Bouldin married Maria Louisa Barksdale on December 22, 1837 in Charlotte County, and they had a son, Wood Bouldin (1838-1911). However, Maria died in 1839, when their son was an infant. Three years later, Boulden moved to Richmond, then remarried in 1847. His second wife, Martha Baldwin Daniel (1819-) of Lynchburg was the sister of Court of Appeals Judge William Daniel, and bore six daughters (of whom Elvina, Martha, Ann, Alice and Virginia reached adulthood), as well as four sons (of whom Charles Ellett, Briscoe Baldwin and Frank Deane Bouldin reached adulthood).

==Death and legacy==
Bouldin died at his Charlotte County home on October 10, 1876 and was buried in the family graveyard there.

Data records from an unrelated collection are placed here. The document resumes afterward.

(* Let $V$ be a real Lorentzian vector space (signature $(1,q)$) of dimension $m=1+q\ge 3$, and let $R$ be an algebraic curvature tensor on $V$. If $\operatorname{trace}\{\mathcal{J}_R(x)^2\}=0$ for every complex null vector $x\in\mathcal{N}$, then $R$ has constant sectional curvature, i.e. there is a constant $c$ with $R(x,y,z,w)=c\{(x,w)(y,z)-(x,z)(y,w)\}$ for all $x,y,z,w\in V$.
   Context: An algebraic curvature tensor is $R\in\otimes^4V^*$ with $R(x,y,z,w)=R(z,w,x,y)=-R(y,x,z,w)$ and $R(x,y,z,w)+R(y,z,x,w)+R(z,x,y,w)=0$. The Jacobi operator $\mathcal{J}_R(x)$ is defined by $(\mathcal{J}_R(x)y,w)=R(y,x,x,w)$. The inner product, $R$ and $\mathcal{J}_R$ are extended complex-multilinearly to $V_{\mathbb{C}}=V\otimes\mathbb{C}$; $\mathcal{N}=\{v\in V_{\mathbb{C}}:(v,v)=0\}$. *)

theory Defs
  imports "HOL-Analysis.Analysis"
begin

text \<open>Model: V = real^'n (coordinates w.r.t. a fixed basis), dim V = CARD('n).
  The inner product is given by its Gram matrix G, a 4-tensor R in (V*)^{\<otimes>4}
  by its components T i j k l = R(e_i,e_j,e_k,e_l).\<close>

definition ip :: "real^'n::finite^'n \<Rightarrow> real^'n \<Rightarrow> real^'n \<Rightarrow> real" where
  "ip G x y = (\<Sum>i\<in>UNIV. \<Sum>j\<in>UNIV. G$i$j * x$i * y$j)"

definition tens :: "('n::finite \<Rightarrow> 'n \<Rightarrow> 'n \<Rightarrow> 'n \<Rightarrow> real) \<Rightarrow> real^'n \<Rightarrow> real^'n \<Rightarrow> real^'n \<Rightarrow> real^'n \<Rightarrow> real" where
  "tens T x y z w = (\<Sum>i\<in>UNIV. \<Sum>j\<in>UNIV. \<Sum>k\<in>UNIV. \<Sum>l\<in>UNIV.
      T i j k l * x$i * y$j * z$k * w$l)"

text \<open>Complex-multilinear extensions to V_C = complex^'n.\<close>

definition cip :: "real^'n::finite^'n \<Rightarrow> complex^'n \<Rightarrow> complex^'n \<Rightarrow> complex" where
  "cip G x y = (\<Sum>i\<in>UNIV. \<Sum>j\<in>UNIV. complex_of_real (G$i$j) * x$i * y$j)"

definition ctens :: "('n::finite \<Rightarrow> 'n \<Rightarrow> 'n \<Rightarrow> 'n \<Rightarrow> real) \<Rightarrow> complex^'n \<Rightarrow> complex^'n \<Rightarrow> complex^'n \<Rightarrow> complex^'n \<Rightarrow> complex" where
  "ctens T x y z w = (\<Sum>i\<in>UNIV. \<Sum>j\<in>UNIV. \<Sum>k\<in>UNIV. \<Sum>l\<in>UNIV.
      complex_of_real (T i j k l) * x$i * y$j * z$k * w$l)"

text \<open>Lorentzian inner product of signature (1,q): symmetric, and congruent to
  diag(-1,1,...,1), i.e. there is a basis e_1..e_m with (e_i,e_j) = \<epsilon>_i \<delta>_ij,
  exactly one \<epsilon>_i = -1.\<close>

definition lorentzian :: "real^'n::finite^'n \<Rightarrow> bool" where
  "lorentzian G \<longleftrightarrow> transpose G = G \<and>
     (\<exists>(P::real^'n^'n) (i0::'n). invertible P \<and>
        transpose P ** G ** P = (\<chi> i j. if i = j then (if i = i0 then -1 else 1) else 0))"

definition algebraic_curvature_tensor :: "('n::finite \<Rightarrow> 'n \<Rightarrow> 'n \<Rightarrow> 'n \<Rightarrow> real) \<Rightarrow> bool" where
  "algebraic_curvature_tensor T \<longleftrightarrow>
     (\<forall>x y z w. tens T x y z w = tens T z w x y) \<and>
     (\<forall>x y z w. tens T x y z w = - tens T y x z w) \<and>
     (\<forall>x y z w. tens T x y z w + tens T y z x w + tens T z x y w = 0)"

text \<open>Jacobi operator on V_C: the (unique, by nondegeneracy) linear map J with
  (J y, w) = R(y,x,x,w).\<close>

definition jacobi :: "real^'n::finite^'n \<Rightarrow> ('n \<Rightarrow> 'n \<Rightarrow> 'n \<Rightarrow> 'n \<Rightarrow> real) \<Rightarrow> complex^'n \<Rightarrow> complex^'n^'n" where
  "jacobi G T x = (THE J. \<forall>y w. cip G (J *v y) w = ctens T y x x w)"

definition null_cone :: "real^'n::finite^'n \<Rightarrow> (complex^'n) set" where
  "null_cone G = {v. cip G v v = 0}"

end

theory Submission
  imports Defs
begin

(*
  In a Lorentz-orthonormal frame e_1, ..., e_m with e_i0 timelike, the Jacobi operator of a
  real vector y satisfies trace (J(y)^2) = sum_{a,b} eps_a eps_b R(e_a, y, y, e_b)^2.  For the
  null vector y = e_i0 + e_i1 the identity R(y, y, -, -) = 0 makes the rows and columns i0, i1
  cancel, leaving a sum of squares; so the hypothesis forces R(w, y, y, w) = 0 for all w
  orthogonal to y.  Every real null vector has this form in a suitable frame, hence
  R(w, x, x, w) = 0 whenever x is null and orthogonal to w.  For spacelike w, the quadratic form
  x |-> R(w, x, x, w) on the Lorentzian space orthogonal to w therefore vanishes on its null
  cone and is a multiple mu(w) of the metric.  Comparing w with two orthonormal spacelike
  vectors (here dim V >= 3 is used) shows that mu is constant, and an algebraic curvature
  tensor is determined by its values R(w, x, x, w).
*)

lemma ip_eq_inner: "ip G x y = x \<bullet> (G *v y)"
  by (simp add: ip_def inner_vec_def matrix_vector_mult_def sum_distrib_left ac_simps)

lemma
  shows ip_add_left: "ip G (x + x') y = ip G x y + ip G x' y"
    and ip_add_right: "ip G x (y + y') = ip G x y + ip G x y'"
    and ip_diff_left: "ip G (x - x') y = ip G x y - ip G x' y"
    and ip_diff_right: "ip G x (y - y') = ip G x y - ip G x y'"
    and ip_scaleR_left: "ip G (c *\<^sub>R x) y = c * ip G x y"
  by (simp_all add: ip_eq_inner inner_add_left inner_add_right inner_diff_left inner_diff_right
      matrix_vector_right_distrib matrix_vector_mult_diff_distrib)

lemma
  shows ip_minus_left: "ip G (- x) y = - ip G x y"
    and ip_minus_right: "ip G x (- y) = - ip G x y"
    and ip_scaleR_right: "ip G x (c *\<^sub>R y) = c * ip G x y"
  by (simp_all add: ip_def sum_negf sum_distrib_left algebra_simps)
lemma PhiB_nat:
  assumes nf: "twist h X \<gamma>" and l: "l \<in> GG" and f: "ar f"
  shows "(FA (l \<star> h \<star> gi l) f \<odot> idn (F l X)) \<bullet> PhiB l h X \<gamma> (dom f) = PhiB l h X \<gamma> (cod f) \<bullet> (idn (F l X) \<odot> f)"
proof -
  have h: "h \<in> GG" and X: "ob X" using nf by (simp_all add: twist_grp twist_ob)
  define li where "li = gi l"
  have li: "li \<in> GG" "li \<star> l = e" "l \<star> li = e" unfolding li_def using l by auto
  define V where "V = dom f"
  define V' where "V' = cod f"
  define W where "W = F li V"
  define W' where "W' = F li V'"
  define w where "w = FA li f"
  have ob: "ob V" "ob V'" "ob W" "ob W'" unfolding V_def V'_def W_def W'_def using f li by auto
  have w: "ar w" "dom w = W" "cod w = W'" unfolding w_def W_def W'_def V_def V'_def using f li by auto
  note fo = W_def[symmetric] W'_def[symmetric] V_def[symmetric] V'_def[symmetric] w_def[symmetric]
  have s1: "FA (l \<star> h \<star> li) f \<bullet> FC (l \<star> h) li V \<bullet> FC l h W = FC (l \<star> h) li V' \<bullet> FC l h W' \<bullet> FA l (FA h w)"
  proof -
    have a: "FA (l \<star> h \<star> li) f \<bullet> FC (l \<star> h) li V = FC (l \<star> h) li V' \<bullet> FA (l \<star> h) w"
      using FC_nat[of "l \<star> h" li f] l h li f by (simp add: fo)
    have b: "FA (l \<star> h) w \<bullet> FC l h W = FC l h W' \<bullet> FA l (FA h w)"
      using FC_nat[of l h w] l h w by (simp add: fo)
    show ?thesis using l h li f ob w by (simp add: reassoc22[OF a] b fo)
  qed
  have s2: "(FA l (FA h w) \<odot> idn (F l X)) \<bullet> F2 l (F h W) X = F2 l (F h W') X \<bullet> FA l (FA h w \<odot> idn X)"
    using F2_nat[of l "FA h w" "idn X"] l h w X by simp
  have s3: "FA l (FA h w \<odot> idn X) \<bullet> FA l (\<gamma> W) = FA l (\<gamma> W') \<bullet> FA l (idn X \<odot> w)"
    using twist_nat[OF nf w(1)] l h w X nf ob by (simp add: FA_cmp[symmetric])
  have "F2 l X W' \<bullet> FA l (idn X \<odot> w) = (idn (F l X) \<odot> FA l w) \<bullet> F2 l X W"
    using F2_nat[of l "idn X" w] l X w by simp
  then have s4: "FA l (idn X \<odot> w) \<bullet> iv (F2 l X W) = iv (F2 l X W') \<bullet> (idn (F l X) \<odot> FA l w)"
    by (rule iso_square_inverse[rotated -1]) (use l X w ob in simp_all)
  have "FC l li V' \<bullet> FA l w = f \<bullet> FC l li V"
    using FC_nat[of l li f] l li f by (simp add: fo)
  then have s5: "FA l w \<bullet> iv (FC l li V) = iv (FC l li V') \<bullet> f"
    by (rule iso_square_inverse[rotated -1]) (use l li f ob w in \<open>simp_all add: fo\<close>)
  have "(FA (l \<star> h \<star> gi l) f \<odot> idn (F l X)) \<bullet> PhiB l h X \<gamma> (dom f)
     = ((FA (l \<star> h \<star> li) f \<bullet> FC (l \<star> h) li V \<bullet> FC l h W) \<odot> idn (F l X)) \<bullet> F2 l (F h W) X \<bullet> FA l (\<gamma> W)
        \<bullet> iv (F2 l X W) \<bullet> (idn (F l X) \<odot> iv (FC l li V))"
    using l h li f ob X nf by (simp add: PhiB_expand li_def[symmetric] fo)
  also have "\<dots> = ((FC (l \<star> h) li V' \<bullet> FC l h W' \<bullet> FA l (FA h w)) \<odot> idn (F l X)) \<bullet> F2 l (F h W) X \<bullet> FA l (\<gamma> W)
        \<bullet> iv (F2 l X W) \<bullet> (idn (F l X) \<odot> iv (FC l li V))"
    by (simp only: s1)
  also have "\<dots> = ((FC (l \<star> h) li V' \<bullet> FC l h W') \<odot> idn (F l X)) \<bullet> (FA l (FA h w) \<odot> idn (F l X)) \<bullet> F2 l (F h W) X \<bullet> FA l (\<gamma> W)
        \<bullet> iv (F2 l X W) \<bullet> (idn (F l X) \<odot> iv (FC l li V))"
    using l h li f ob X nf w by (simp add: fo)
  also have "\<dots> = ((FC (l \<star> h) li V' \<bullet> FC l h W') \<odot> idn (F l X)) \<bullet> F2 l (F h W') X \<bullet> FA l (FA h w \<odot> idn X) \<bullet> FA l (\<gamma> W)
        \<bullet> iv (F2 l X W) \<bullet> (idn (F l X) \<odot> iv (FC l li V))"
    using l h li f ob X nf w by (simp add: reassoc22[OF s2] fo)
  also have "\<dots> = ((FC (l \<star> h) li V' \<bullet> FC l h W') \<odot> idn (F l X)) \<bullet> F2 l (F h W') X \<bullet> FA l (\<gamma> W') \<bullet> FA l (idn X \<odot> w)
        \<bullet> iv (F2 l X W) \<bullet> (idn (F l X) \<odot> iv (FC l li V))"
    using l h li f ob X nf w by (simp add: reassoc22[OF s3] fo)
  also have "\<dots> = ((FC (l \<star> h) li V' \<bullet> FC l h W') \<odot> idn (F l X)) \<bullet> F2 l (F h W') X \<bullet> FA l (\<gamma> W') \<bullet> iv (F2 l X W')
        \<bullet> (idn (F l X) \<odot> FA l w) \<bullet> (idn (F l X) \<odot> iv (FC l li V))"
    using l h li f ob X nf w by (simp add: reassoc22[OF s4] fo)
  also have "\<dots> = ((FC (l \<star> h) li V' \<bullet> FC l h W') \<odot> idn (F l X)) \<bullet> F2 l (F h W') X \<bullet> FA l (\<gamma> W') \<bullet> iv (F2 l X W')
        \<bullet> (idn (F l X) \<odot> (iv (FC l li V') \<bullet> f))"
    using l h li f ob X nf w by (simp add: s5 fo)
  also have "\<dots> = PhiB l h X \<gamma> (cod f) \<bullet> (idn (F l X) \<odot> f)"
    using l h li f ob X nf w by (simp add: PhiB_expand li_def[symmetric] fo)
  finally show ?thesis .
qed

lemma twist_PhiB: "twist h X \<gamma> \<Longrightarrow> l \<in> GG \<Longrightarrow> twist (l \<star> h \<star> gi l) (F l X) (PhiB l h X \<gamma>)"
  unfolding natural_twist_def[of C G P "l \<star> h \<star> gi l"] is_arr_def
  using PhiB_typ PhiB_nat twist_grp twist_ob by simp

lemma ZpB_typ:
  assumes nx: "twist g X \<gamma>X" and ny: "twist h Y \<gamma>Y" and V: "ob V"
  shows "ar (ZpB g X \<gamma>X h Y \<gamma>Y V)" "dom (ZpB g X \<gamma>X h Y \<gamma>Y V) = X \<diamond> Y \<diamond> V"
    "cod (ZpB g X \<gamma>X h Y \<gamma>Y V) = F (g \<star> h) V \<diamond> X \<diamond> Y"
  using twist_grp[OF nx] twist_ob[OF nx] twist_grp[OF ny] twist_ob[OF ny] nx ny V unfolding ZpB_expand by simp_all

lemma ZpB_nat:
  assumes nx: "twist g X \<gamma>X" and ny: "twist h Y \<gamma>Y" and f: "ar f"
  shows "(FA (g \<star> h) f \<odot> idn (X \<diamond> Y)) \<bullet> ZpB g X \<gamma>X h Y \<gamma>Y (dom f) = ZpB g X \<gamma>X h Y \<gamma>Y (cod f) \<bullet> (idn (X \<diamond> Y) \<odot> f)"
proof -
  have g: "g \<in> GG" and X: "ob X" using nx by (simp_all add: twist_grp twist_ob)
  have h: "h \<in> GG" and Y: "ob Y" using ny by (simp_all add: twist_grp twist_ob)
  define V where "V = dom f"
  define V' where "V' = cod f"
  have ob: "ob V" "ob V'" unfolding V_def V'_def using f by auto
  note fo = V_def[symmetric] V'_def[symmetric]
  have a: "FA (g \<star> h) f \<bullet> FC g h V = FC g h V' \<bullet> FA g (FA h f)"
    using FC_nat[OF g h f] by (simp add: fo)
  have b: "(FA g (FA h f) \<odot> idn X) \<bullet> \<gamma>X (F h V) = \<gamma>X (F h V') \<bullet> (idn X \<odot> FA h f)"
    using twist_nat[OF nx, of "FA h f"] h f by (simp add: fo)
  have c: "(FA h f \<odot> idn Y) \<bullet> \<gamma>Y V = \<gamma>Y V' \<bullet> (idn Y \<odot> f)"
    using twist_nat[OF ny f] by (simp add: fo)
  have "(FA (g \<star> h) f \<odot> idn (X \<diamond> Y)) \<bullet> ZpB g X \<gamma>X h Y \<gamma>Y (dom f)
      = ((FA (g \<star> h) f \<bullet> FC g h V) \<odot> idn (X \<diamond> Y)) \<bullet> (\<gamma>X (F h V) \<odot> idn Y) \<bullet> (idn X \<odot> \<gamma>Y V)"
    using g h X Y ob f nx ny by (simp add: ZpB_expand fo)
  also have "\<dots> = (FC g h V' \<odot> idn (X \<diamond> Y)) \<bullet> ((FA g (FA h f) \<odot> idn X) \<odot> idn Y) \<bullet> (\<gamma>X (F h V) \<odot> idn Y) \<bullet> (idn X \<odot> \<gamma>Y V)"
    using g h X Y ob f nx ny by (simp add: a fo)
  also have "\<dots> = (FC g h V' \<odot> idn (X \<diamond> Y)) \<bullet> (((FA g (FA h f) \<odot> idn X) \<bullet> \<gamma>X (F h V)) \<odot> idn Y) \<bullet> (idn X \<odot> \<gamma>Y V)"
    using g h X Y ob f nx ny by (subst merge_r') (simp_all add: fo)
  also have "\<dots> = (FC g h V' \<odot> idn (X \<diamond> Y)) \<bullet> ((\<gamma>X (F h V') \<bullet> (idn X \<odot> FA h f)) \<odot> idn Y) \<bullet> (idn X \<odot> \<gamma>Y V)"
    by (simp only: b)
  also have "\<dots> = (FC g h V' \<odot> idn (X \<diamond> Y)) \<bullet> (\<gamma>X (F h V') \<odot> idn Y) \<bullet> ((idn X \<odot> FA h f) \<odot> idn Y) \<bullet> (idn X \<odot> \<gamma>Y V)"
    using g h X Y ob f nx ny by (subst merge_r') (simp_all add: fo)
  also have "\<dots> = (FC g h V' \<odot> idn (X \<diamond> Y)) \<bullet> (\<gamma>X (F h V') \<odot> idn Y) \<bullet> (idn X \<odot> ((FA h f \<odot> idn Y) \<bullet> \<gamma>Y V))"
    using g h X Y ob f nx ny by (simp add: fo)
  also have "\<dots> = (FC g h V' \<odot> idn (X \<diamond> Y)) \<bullet> (\<gamma>X (F h V') \<odot> idn Y) \<bullet> (idn X \<odot> (\<gamma>Y V' \<bullet> (idn Y \<odot> f)))"
    by (simp only: c)
  also have "\<dots> = ZpB g X \<gamma>X h Y \<gamma>Y (cod f) \<bullet> (idn (X \<diamond> Y) \<odot> f)"
    using g h X Y ob f nx ny by (simp add: ZpB_expand fo idn_tO_tA)
  finally show ?thesis .
qed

The Virginia Historical Society holds some of the family papers. Others are held by the University of Virginia. His former law office at 14 S. Main Street in Halifax remains, and is a contributing building in the Town of Halifax Court House Historic District. His eldest son and namesake became active in the state Democratic party and would represent Halifax at the Virginia Constitutional Convention of 1902, and play a key role in disenfranchising African Americans.